- [What is required]:
Could you return each line of the material that has "ultimately" in it?

(Available data begins)

(* Let $\alpha\ge1$ and let $\Phi_\alpha^*(\xi)=\sup_{z\in\mathbb R}\{\xi z-\Phi_\alpha(z)\}$ be the Legendre transform of $\Phi_\alpha$. With $\tilde c_\alpha:=\big(\tfrac{2}{\alpha^2}\big)^{1/(\alpha-1)}\tfrac{\alpha-1}{\alpha}$ (for $\alpha>1$), for all $\xi\in\mathbb R$: (1) if $\alpha=1$: $\Phi_1^*(\xi)\le e^{\xi}-\xi-1$; (2) if $\alpha\in(1,2]$: $\Phi_\alpha^*(\xi)\le\max\big\{\tilde c_\alpha|\xi|^{\alpha/(\alpha-1)},\tfrac1{2\alpha}\xi^2\big\}$; (3) if $\alpha\ge2$: $\Phi_\alpha^*(\xi)\le\tilde c_\alpha|\xi|^{\alpha/(\alpha-1)}$. Moreover, for all $\alpha\ge1$, $\Phi_\alpha^*(\xi)\le\frac1{2\alpha}\xi^2$ whenever $|\xi|\le\alpha$.
   Context: For $\alpha\ge1$, $\Phi_\alpha(z)=\big((z+1)^\alpha-1\big)\log\big((z+1)^\alpha\big)$ for $z>-1$ and $\Phi_\alpha(z)=+\infty$ for $z\le-1$. *)

theory Defs
  imports "HOL-Analysis.Analysis" "HOL-Library.Extended_Real"
begin

definition Phi :: "real \<Rightarrow> real \<Rightarrow> ereal" where
  "Phi \<alpha> z = (if z > -1
     then ereal (((z + 1) powr \<alpha> - 1) * ln ((z + 1) powr \<alpha>))
     else \<infinity>)"

definition Phi_star :: "real \<Rightarrow> real \<Rightarrow> ereal" where
  "Phi_star \<alpha> \<xi> = (SUP z\<in>(UNIV::real set). ereal (\<xi> * z) - Phi \<alpha> z)"

definition c_tilde :: "real \<Rightarrow> real" where
  "c_tilde \<alpha> = (2 / \<alpha>\<^sup>2) powr (1 / (\<alpha> - 1)) * ((\<alpha> - 1) / \<alpha>)"

end

theory Submission
  imports Defs
begin

text \<open>
  For z > -1 one has Phi_alpha(z) = alpha * phi_alpha(z) with
  phi_alpha(z) = ((1+z)^alpha - 1) ln(1+z), which is nondecreasing in alpha since both factors
  have the sign of z. Each bound on the conjugate comes from a pointwise minorant of phi_alpha
  whose own conjugate is explicit: z^2/2 for -1 < z <= 1 and, when |xi| <= alpha, z - 1/2 for
  z >= 0 (both from ln(1+z) >= 2z/(2+z)); and |z|^alpha/2 for z >= 1, or for all z when
  alpha >= 2. By a rescaled Young inequality the conjugate of alpha |z|^alpha / 2 is at most
  c_alpha |xi|^(alpha/(alpha-1)). For alpha = 1 the bound exp xi - xi - 1 is the tangent-line
  inequality for exp at ln(1+z).
\<close>

definition phi :: "real \<Rightarrow> real \<Rightarrow> real" where
  "phi \<alpha> z = ((z + 1) powr \<alpha> - 1) * ln (z + 1)"

lemma Phi_star_leI:
  assumes "\<And>z. z > -1 \<Longrightarrow> \<xi> * z - \<alpha> * phi \<alpha> z \<le> B"
  shows "Phi_star \<alpha> \<xi> \<le> ereal B"
  unfolding Phi_star_def
proof (rule SUP_least)
  fix z :: real
  show "ereal (\<xi> * z) - Phi \<alpha> z \<le> ereal B"
  proof (cases "z > -1")
    case True
    then show ?thesis
      using assms[OF True] by (simp add: Phi_def phi_def algebra_simps)
  qed (simp add: Phi_def)
qed

lemma ln_one_plus_ge_pade:
  fixes z :: real
  assumes "z \<ge> 0"
  shows "2 * z / (z + 2) \<le> ln (z + 1)"
proof -
  let ?g = "\<lambda>z::real. ln (z + 1) - 2 * z / (z + 2)"
  have deriv: "(?g has_real_derivative (1 / (x + 1) - 4 / (x + 2)\<^sup>2)) (at x)" if "x \<ge> 0" for x
    using that by (auto intro!: derivative_eq_intros simp: field_simps power2_eq_square)
  have deriv_nonneg: "1 / (x + 1) - 4 / (x + 2)\<^sup>2 \<ge> 0" if "x \<ge> 0" for x :: real
  proof -
    have "4 * (x + 1) \<le> (x + 2)\<^sup>2"
      by (simp add: power2_eq_square algebra_simps)
    then show ?thesis
      using that by (simp add: field_simps)
  qed
  have "?g 0 \<le> ?g z"
  proof (rule DERIV_nonneg_imp_nondecreasing[of 0 z ?g])
    fix x :: real
    assume "0 \<le> x"
    then show "\<exists>y. (?g has_real_derivative y) (at x) \<and> 0 \<le> y"
      using deriv deriv_nonneg by blast
  qed (use assms in auto)
  then show ?thesis by simp
qed

lemma mult_ln_ge_half_sq:
  fixes z :: real
  assumes "z > -1" "z \<le> 1"
  shows "z\<^sup>2 / 2 \<le> z * ln (z + 1)"
proof (cases "z \<ge> 0")
  case True
  have "z\<^sup>2 / 2 \<le> z * (2 * z / (z + 2))"
    using True assms by (simp add: field_simps power2_eq_square mult_left_mono)
  also have "\<dots> \<le> z * ln (z + 1)"
    using ln_one_plus_ge_pade[OF True] True by (rule mult_left_mono)
  finally show ?thesis .
next
  case False
  have "ln (z + 1) \<le> z"
    using ln_le_minus_one[of "z + 1"] assms by simp
  then have "z * z \<le> z * ln (z + 1)"
    using False by (simp add: mult_left_mono_neg)
  then show ?thesis
    using False by (simp add: power2_eq_square)
qed

lemma mult_ln_ge_sub_half:
  fixes z :: real
  assumes "z \<ge> 0"
  shows "z - 1 / 2 \<le> z * ln (z + 1)"
proof -
  have "(z - 1 / 2) * (z + 2) \<le> 2 * z * z"
    using zero_le_power2[of "z - 3 / 4"] by (simp add: power2_eq_square field_simps)
  then have "z - 1 / 2 \<le> z * (2 * z / (z + 2))"
    using assms by (simp add: field_simps)
  also have "\<dots> \<le> z * ln (z + 1)"
    using ln_one_plus_ge_pade[OF assms] assms by (rule mult_left_mono)
  finally show ?thesis .
qed

lemma phi_one:
  assumes "z > -1"
  shows "phi 1 z = z * ln (z + 1)"
  using assms by (simp add: phi_def)

lemma phi_one_le:
  fixes z \<alpha> :: real
  assumes "z > -1" "\<alpha> \<ge> 1"
  shows "phi 1 z \<le> phi \<alpha> z"
proof (cases "z \<ge> 0")
  case True
  have "(z + 1) powr 1 \<le> (z + 1) powr \<alpha>"
    using True assms by (intro powr_mono) auto
  then show ?thesis
    using True assms by (auto simp: phi_def intro: mult_right_mono)
next
  case False
  have "(z + 1) powr \<alpha> \<le> z + 1"
    using False assms by (intro powr_le_one_le) auto
  moreover have "ln (z + 1) \<le> 0"
    using False assms by simp
  ultimately show ?thesis
    using assms by (auto simp: phi_def intro: mult_right_mono_neg)
qed

lemma phi_ge_half_sq:
  fixes z \<alpha> :: real
  assumes "z > -1" "z \<le> 1" "\<alpha> \<ge> 1"
  shows "z\<^sup>2 / 2 \<le> phi \<alpha> z"
  using mult_ln_ge_half_sq[of z] phi_one_le[of z \<alpha>] assms by (simp add: phi_one)

lemma phi_ge_sub_half:
  fixes z \<alpha> :: real
  assumes "z \<ge> 0" "\<alpha> \<ge> 1"
  shows "z - 1 / 2 \<le> phi \<alpha> z"
  using mult_ln_ge_sub_half[of z] phi_one_le[of z \<alpha>] assms by (simp add: phi_one)

lemma phi_ge_half_powr:
  fixes z \<alpha> :: real
  assumes "z \<ge> 1" "\<alpha> \<ge> 1"
  shows "z powr \<alpha> / 2 \<le> phi \<alpha> z"
proof -
  have "z powr \<alpha> + z powr (\<alpha> - 1) = (z + 1) * z powr (\<alpha> - 1)"
    using assms by (simp add: powr_diff field_simps)
  also have "\<dots> \<le> (z + 1) * (z + 1) powr (\<alpha> - 1)"
    using assms by (intro mult_left_mono powr_mono2) auto
  also have "\<dots> = (z + 1) powr \<alpha>"
    using assms by (simp add: powr_diff)
  finally have "z powr \<alpha> \<le> (z + 1) powr \<alpha> - 1"
    using ge_one_powr_ge_zero[of z "\<alpha> - 1"] assms by linarith
  moreover have "1 / 2 \<le> ln (z + 1)"
  proof -
    have "ln 2 \<le> ln (z + 1)"
      using assms by simp
    then show ?thesis
      using ln2_ge_two_thirds by linarith
  qed
  moreover have "0 \<le> z powr \<alpha>"
    by simp
  ultimately have "z powr \<alpha> * (1 / 2) \<le> ((z + 1) powr \<alpha> - 1) * ln (z + 1)"
    by (intro mult_mono) linarith+
  then show ?thesis
    by (simp add: phi_def)
qed

lemma phi_ge_half_abs_powr:
  fixes z \<alpha> :: real
  assumes "z > -1" "\<alpha> \<ge> 2"
  shows "\<bar>z\<bar> powr \<alpha> / 2 \<le> phi \<alpha> z"
proof (cases "z \<le> 1")
  case True
  have "\<bar>z\<bar> powr \<alpha> \<le> \<bar>z\<bar> powr 2"
    using True assms by (intro powr_mono') auto
  then show ?thesis
    using phi_ge_half_sq[of z \<alpha>] True assms by (simp add: powr_numeral)
next
  case False
  then show ?thesis
    using phi_ge_half_powr[of z \<alpha>] assms by simp
qed

lemma quadratic_conjugate_le:
  fixes \<alpha> \<xi> z :: real
  assumes "\<alpha> > 0"
  shows "\<xi> * z - \<alpha> * (z\<^sup>2 / 2) \<le> \<xi>\<^sup>2 / (2 * \<alpha>)"
proof -
  have "\<alpha> * (\<xi> * z - \<alpha> * (z\<^sup>2 / 2)) \<le> \<xi>\<^sup>2 / 2"
    using zero_le_power2[of "\<xi> - \<alpha> * z"] by (simp add: power2_eq_square algebra_simps)
  then show ?thesis
    using assms by (simp add: field_simps)
qed

lemma affine_conjugate_le:
  fixes \<alpha> \<xi> z :: real
  assumes "\<alpha> > 0" "z \<ge> 1" "\<bar>\<xi>\<bar> \<le> \<alpha>"
  shows "\<xi> * z - \<alpha> * (z - 1 / 2) \<le> \<xi>\<^sup>2 / (2 * \<alpha>)"
proof -
  have "0 \<le> 2 * \<alpha> * z - (\<alpha> + \<xi>)"
    using mult_left_mono[OF \<open>z \<ge> 1\<close>, of "2 * \<alpha>"] assms by linarith
  then have "0 \<le> (\<alpha> - \<xi>) * (2 * \<alpha> * z - (\<alpha> + \<xi>))"
    using assms by simp
  moreover have "(\<alpha> - \<xi>) * (2 * \<alpha> * z - (\<alpha> + \<xi>)) + 2 * \<alpha> * (\<xi> * z - \<alpha> * (z - 1 / 2)) = \<xi>\<^sup>2"
    by (simp add: algebra_simps power2_eq_square)
  ultimately have "2 * \<alpha> * (\<xi> * z - \<alpha> * (z - 1 / 2)) \<le> \<xi>\<^sup>2"
    by linarith
  then show ?thesis
    using assms by (simp add: pos_le_divide_eq mult.commute)
qed

lemma Youngs_inequality_scaled:
  fixes p K a b :: real
  assumes "p > 1" "K > 0" "a \<ge> 0" "b \<ge> 0"
  shows "a * b \<le> K * a powr p / p + K powr (-1 / (p - 1)) * b powr (p / (p - 1)) * ((p - 1) / p)"
proof -
  define q where "q = p / (p - 1)"
  define s where "s = K powr (1 / p)"
  have "s > 0"
    using assms by (simp add: s_def)
  have "q > 1" "1 / p + 1 / q = 1"
    using assms by (simp_all add: q_def field_simps)
  then have "(s * a) * (b / s) \<le> (s * a) powr p / p + (b / s) powr q / q"
    using assms \<open>s > 0\<close> by (intro Youngs_inequality) auto
  moreover have "(s * a) powr p = K * a powr p"
    using assms \<open>s > 0\<close> by (simp add: s_def powr_mult powr_powr)
  moreover have "(b / s) powr q = K powr (-1 / (p - 1)) * b powr q"
    using assms \<open>s > 0\<close> by (simp add: s_def powr_divide powr_powr q_def powr_minus_divide field_simps)
  ultimately show ?thesis
    using \<open>s > 0\<close> assms by (simp add: q_def field_simps)
qed

lemma power_conjugate_le:
  fixes \<alpha> \<xi> z :: real
  assumes "\<alpha> > 1"
  shows "\<xi> * z - \<alpha> * (\<bar>z\<bar> powr \<alpha> / 2) \<le> c_tilde \<alpha> * \<bar>\<xi>\<bar> powr (\<alpha> / (\<alpha> - 1))"
proof -
  have "\<xi> * z \<le> \<bar>z\<bar> * \<bar>\<xi>\<bar>"
    by (simp add: abs_mult[symmetric] mult.commute)
  also have "\<dots> \<le> \<alpha>\<^sup>2 / 2 * \<bar>z\<bar> powr \<alpha> / \<alpha>
      + (\<alpha>\<^sup>2 / 2) powr (-1 / (\<alpha> - 1)) * \<bar>\<xi>\<bar> powr (\<alpha> / (\<alpha> - 1)) * ((\<alpha> - 1) / \<alpha>)"
    using assms by (intro Youngs_inequality_scaled) auto
  also have "\<dots> = \<alpha> * (\<bar>z\<bar> powr \<alpha> / 2) + c_tilde \<alpha> * \<bar>\<xi>\<bar> powr (\<alpha> / (\<alpha> - 1))"
    using assms by (simp add: c_tilde_def power2_eq_square powr_minus_divide powr_divide)
  finally show ?thesis
    by linarith
qed

lemma Phi_star_one_le: "Phi_star 1 \<xi> \<le> ereal (exp \<xi> - \<xi> - 1)"
proof (rule Phi_star_leI)
  fix z :: real
  assume "z > -1"
  define L where "L = ln (z + 1)"
  have "exp \<xi> = (z + 1) * exp (\<xi> - L)"
    using \<open>z > -1\<close> by (simp add: L_def exp_diff)
  also have "\<dots> \<ge> (z + 1) * (1 + (\<xi> - L))"
    using \<open>z > -1\<close> exp_ge_add_one_self[of "\<xi> - L"] by (intro mult_left_mono) auto
  finally have "(z + 1) * (1 + (\<xi> - L)) \<le> exp \<xi>" .
  moreover have "L \<le> z"
    using ln_le_minus_one[of "z + 1"] \<open>z > -1\<close> by (simp add: L_def)
  moreover have "phi 1 z = z * L"
    using \<open>z > -1\<close> by (simp add: phi_one L_def)
  ultimately show "\<xi> * z - 1 * phi 1 z \<le> exp \<xi> - \<xi> - 1"
    by (simp add: algebra_simps)
qed

lemma Phi_star_le_quadratic:
  fixes \<alpha> \<xi> :: real
  assumes "\<alpha> \<ge> 1" "\<bar>\<xi>\<bar> \<le> \<alpha>"
  shows "Phi_star \<alpha> \<xi> \<le> ereal (\<xi>\<^sup>2 / (2 * \<alpha>))"
proof (rule Phi_star_leI)
  fix z :: real
  assume "z > -1"
  show "\<xi> * z - \<alpha> * phi \<alpha> z \<le> \<xi>\<^sup>2 / (2 * \<alpha>)"
  proof (cases "z \<le> 1")
    case True
    then have "\<xi> * z - \<alpha> * phi \<alpha> z \<le> \<xi> * z - \<alpha> * (z\<^sup>2 / 2)"
      using phi_ge_half_sq[of z \<alpha>] \<open>z > -1\<close> assms by (intro diff_left_mono mult_left_mono) auto
    also have "\<dots> \<le> \<xi>\<^sup>2 / (2 * \<alpha>)"
      using assms by (intro quadratic_conjugate_le) auto
    finally show ?thesis .
  next
    case False
    then have "\<xi> * z - \<alpha> * phi \<alpha> z \<le> \<xi> * z - \<alpha> * (z - 1 / 2)"
      using phi_ge_sub_half[of z \<alpha>] assms by (intro diff_left_mono mult_left_mono) auto
    also have "\<dots> \<le> \<xi>\<^sup>2 / (2 * \<alpha>)"
      using False assms by (intro affine_conjugate_le) auto
    finally show ?thesis .
  qed
qed

lemma Phi_star_le_max:
  fixes \<alpha> \<xi> :: real
  assumes "\<alpha> > 1"
  shows "Phi_star \<alpha> \<xi> \<le> ereal (max (c_tilde \<alpha> * \<bar>\<xi>\<bar> powr (\<alpha> / (\<alpha> - 1))) (\<xi>\<^sup>2 / (2 * \<alpha>)))"
proof (rule Phi_star_leI)
  fix z :: real
  assume "z > -1"
  show "\<xi> * z - \<alpha> * phi \<alpha> z \<le> max (c_tilde \<alpha> * \<bar>\<xi>\<bar> powr (\<alpha> / (\<alpha> - 1))) (\<xi>\<^sup>2 / (2 * \<alpha>))"
  proof (cases "z \<le> 1")
    case True
    then have "\<xi> * z - \<alpha> * phi \<alpha> z \<le> \<xi> * z - \<alpha> * (z\<^sup>2 / 2)"
      using phi_ge_half_sq[of z \<alpha>] \<open>z > -1\<close> assms by (intro diff_left_mono mult_left_mono) auto
    also have "\<dots> \<le> \<xi>\<^sup>2 / (2 * \<alpha>)"
      using assms by (intro quadratic_conjugate_le) auto
    finally show ?thesis by linarith
  next
    case False
    then have "\<xi> * z - \<alpha> * phi \<alpha> z \<le> \<xi> * z - \<alpha> * (\<bar>z\<bar> powr \<alpha> / 2)"
      using phi_ge_half_powr[of z \<alpha>] assms by (intro diff_left_mono mult_left_mono) auto
    also have "\<dots> \<le> c_tilde \<alpha> * \<bar>\<xi>\<bar> powr (\<alpha> / (\<alpha> - 1))"
      using assms by (rule power_conjugate_le)
    finally show ?thesis by linarith
  qed
qed

lemma Phi_star_le_powr:
  fixes \<alpha> \<xi> :: real
  assumes "\<alpha> \<ge> 2"
  shows "Phi_star \<alpha> \<xi> \<le> ereal (c_tilde \<alpha> * \<bar>\<xi>\<bar> powr (\<alpha> / (\<alpha> - 1)))"
proof (rule Phi_star_leI)
  fix z :: real
  assume "z > -1"
  then have "\<xi> * z - \<alpha> * phi \<alpha> z \<le> \<xi> * z - \<alpha> * (\<bar>z\<bar> powr \<alpha> / 2)"
    using phi_ge_half_abs_powr[of z \<alpha>] assms by (intro diff_left_mono mult_left_mono) auto
  also have "\<dots> \<le> c_tilde \<alpha> * \<bar>\<xi>\<bar> powr (\<alpha> / (\<alpha> - 1))"
    using assms by (intro power_conjugate_le) auto
  finally show "\<xi> * z - \<alpha> * phi \<alpha> z \<le> c_tilde \<alpha> * \<bar>\<xi>\<bar> powr (\<alpha> / (\<alpha> - 1))" .
qed

theorem mainTheorem8:
  fixes \<alpha> \<xi> :: real
  assumes "\<alpha> \<ge> 1"
  shows "(\<alpha> = 1 \<longrightarrow> Phi_star 1 \<xi> \<le> ereal (exp \<xi> - \<xi> - 1))
       \<and> (1 < \<alpha> \<and> \<alpha> \<le> 2 \<longrightarrow>
            Phi_star \<alpha> \<xi> \<le> ereal (max (c_tilde \<alpha> * \<bar>\<xi>\<bar> powr (\<alpha> / (\<alpha> - 1))) (\<xi>\<^sup>2 / (2 * \<alpha>))))
       \<and> (\<alpha> \<ge> 2 \<longrightarrow> Phi_star \<alpha> \<xi> \<le> ereal (c_tilde \<alpha> * \<bar>\<xi>\<bar> powr (\<alpha> / (\<alpha> - 1))))
       \<and> (\<bar>\<xi>\<bar> \<le> \<alpha> \<longrightarrow> Phi_star \<alpha> \<xi> \<le> ereal (\<xi>\<^sup>2 / (2 * \<alpha>)))"
  using Phi_star_one_le Phi_star_le_max Phi_star_le_powr Phi_star_le_quadratic assms
  by simp

end
lemma prim_idem_mult_eigenbasis:
  fixes N P :: "'a::field mat"
  assumes N: "N \<in> carrier_mat (Suc d) (Suc d)" and P: "P \<in> carrier_mat (Suc d) (Suc d)"
    and \<theta>: "inj_on \<theta> {..d}" and \<sigma>: "bij_betw \<sigma> {..d} {..d}"
    and NP: "N * P = P * mat_diag (Suc d) \<eta>" and \<eta>: "\<forall>j\<le>d. \<eta> (\<sigma> j) = \<theta> j" and i: "i \<le> d"
  shows "prim_idem d N \<theta> i * P = P * diag_unit (Suc d) (\<sigma> i)"
proof (rule eq_matI)
  fix k l assume "k < dim_row (P * diag_unit (Suc d) (\<sigma> i))" "l < dim_col (P * diag_unit (Suc d) (\<sigma> i))"
  then have k: "k < Suc d" and l: "l < Suc d" using P by (auto simp: diag_unit_def mat_diag_def)
  then obtain j where j: "j \<le> d" "l = \<sigma> j" using \<sigma> unfolding bij_betw_def by force
  have "N *\<^sub>v col P l = col (P * mat_diag (Suc d) \<eta>) l" using col_mult2[OF N P l] NP by simp
  also have "\<dots> = \<theta> j \<cdot>\<^sub>v col P l" using P l j \<eta> by (auto simp: mat_diag_mult_right[OF P])
  finally have ev: "N *\<^sub>v col P l = \<theta> j \<cdot>\<^sub>v col P l" .
  have "i = j \<longleftrightarrow> \<sigma> i = l" using j i bij_betw_imp_inj_on[OF \<sigma>] by (auto dest: inj_onD)
  then have "(prim_idem d N \<theta> i *\<^sub>v col P l) $ k = (P * diag_unit (Suc d) (\<sigma> i)) $$ (k,l)"
    using prim_idem_mult_eigenvector[OF N \<theta> j(1) _ ev] P k l
    by (simp add: diag_unit_def mat_diag_mult_right[OF P])
  then show "(prim_idem d N \<theta> i * P) $$ (k,l) = (P * diag_unit (Suc d) (\<sigma> i)) $$ (k,l)"
    using prim_idem_carrier[OF N, of \<theta> i] P k l by simp
qed (use prim_idem_carrier[OF N] P in \<open>auto simp: diag_unit_def mat_diag_def\<close>)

(Available data ends)

- [Result of the exercise]:
  ultimately show ?thesis
  ultimately have "z powr \<alpha> * (1 / 2) \<le> ((z + 1) powr \<alpha> - 1) * ln (z + 1)"
  ultimately have "2 * \<alpha> * (\<xi> * z - \<alpha> * (z - 1 / 2)) \<le> \<xi>\<^sup>2"
  ultimately show ?thesis
  ultimately show "\<xi> * z - 1 * phi 1 z \<le> exp \<xi> - \<xi> - 1"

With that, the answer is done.